06Which pays a better dividend — GOCO or ACHC?
None of the stocks in this comparison currently pay a material dividend.
All are effectively zero-yield and should be held for capital appreciation rather than income.
07Is GOCO or ACHC better for a retirement portfolio?
For long-horizon retirement investors, Acadia Healthcare Company, Inc.
(ACHC) is the stronger choice — it scores higher on the combination of lower volatility, dividend reliability, and long-term compounding (low volatility (β 0. 84)). GoHealth, Inc. (GOCO) carries a higher beta of 2. 23 — meaning larger drawdowns in market downturns, which matters significantly when you cannot wait years for a recovery. Both have compounded well over 10 years (ACHC: -58. 5%, GOCO: -99. 7%), confirming both are viable long-term holds — but the lower-volatility option typically results in less emotional selling during corrections. Retirement portfolios generally favour predictability over maximum returns. Consult a financial advisor before making allocation decisions.

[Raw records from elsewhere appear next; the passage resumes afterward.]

definition right_jump :: "(int \<Rightarrow> real) \<Rightarrow> real" where
  "right_jump r = eta (r K) + eta (r (K - 1) + r K) + eta (r K + r (K + 1)) - eta_hat eta (r K)"

definition qcf_stress :: "(int \<Rightarrow> real) \<Rightarrow> int \<Rightarrow> real" where
  "qcf_stress r j =
    (if j < -N then 0
     else if j \<le> -K then eta_hat eta (r j)
     else if j \<le> K then left_jump r + eta (r j) + eta (r (j - 1) + r j) + eta (r j + r (j + 1))
     else if j \<le> N then left_jump r + right_jump r + eta_hat eta (r j)
     else left_jump r + right_jump r)"

lemma FQCF_eq_qcf_stress_diff:
  assumes "-N \<le> j" "j \<le> N + 1"
  shows "FQCF eta N K r j = qcf_stress r j - qcf_stress r (j - 1)"
proof -
  consider "j = -N" | "-N + 1 \<le> j \<and> j \<le> -K" | "j = 1 - K" | "2 - K \<le> j \<and> j \<le> K" | "j = K + 1"
    | "K + 2 \<le> j \<and> j \<le> N" | "j = N + 1"
    using assms by linarith
  then show ?thesis
    using K_ge_2 K_less
    by (cases; (hypsubst)?; simp add: FQCF_def qcf_stress_def left_jump_def right_jump_def algebra_simps
        minus_one_minus_K)
qed

lemma sum_FQCF:
  assumes "-N - 1 \<le> j" "j \<le> N + 1"
  shows "(\<Sum>i=-N..j. FQCF eta N K r i) = qcf_stress r j"
proof -
  have "(\<Sum>i=-N..j. FQCF eta N K r i) = (\<Sum>i=-N..j. qcf_stress r i - qcf_stress r (i - 1))"
    using assms by (intro sum.cong) (auto simp: FQCF_eq_qcf_stress_diff)
  also have "\<dots> = qcf_stress r j - qcf_stress r (-N - 1)"
    using assms sum_int_telescope[of "-N" j "qcf_stress r"] by simp
  finally show ?thesis
    by (simp add: qcf_stress_def)
qed

lemma psiE_boundary: "psiE eta N K r (-N - 1) = 0" "psiE eta N K r (N + 1) = 0"
  by (simp_all add: psiE_def)

lemma sum_FQCE: "-N - 1 \<le> j \<Longrightarrow> (\<Sum>i=-N..j. FQCE eta N K r i) = psiE eta N K r j"
  using sum_int_telescope[of "-N" j "psiE eta N K r"] by (simp add: FQCE_def psiE_boundary)

lemma symmetric_vecD: "symmetric_vec N r \<Longrightarrow> 1 \<le> j \<Longrightarrow> j \<le> N \<Longrightarrow> r (-j) = r j"
  unfolding symmetric_vec_def by auto

lemma interface_symmetric:
  assumes "symmetric_vec N r"
  shows "r (-K) = r K" "r (-K - 1) = r (K + 1)" "r (1 - K) = r (K - 1)"
  using symmetric_vecD[OF assms, of K] symmetric_vecD[OF assms, of "K + 1"] symmetric_vecD[OF assms, of "K - 1"]
    K_ge_2 K_less by (simp_all add: add.commute minus_one_minus_K)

08What are the main differences between GOCO and ACHC?
These companies operate in different sectors (GOCO (Financial Services) and ACHC (Healthcare)), which means they face different economic cycles, regulatory environments, and macro sensitivities — making direct comparison nuanced.
These fundamental differences mean investors should not choose between them on a single metric — the "better stock" depends entirely on which of these characteristics aligns with your investment strategy.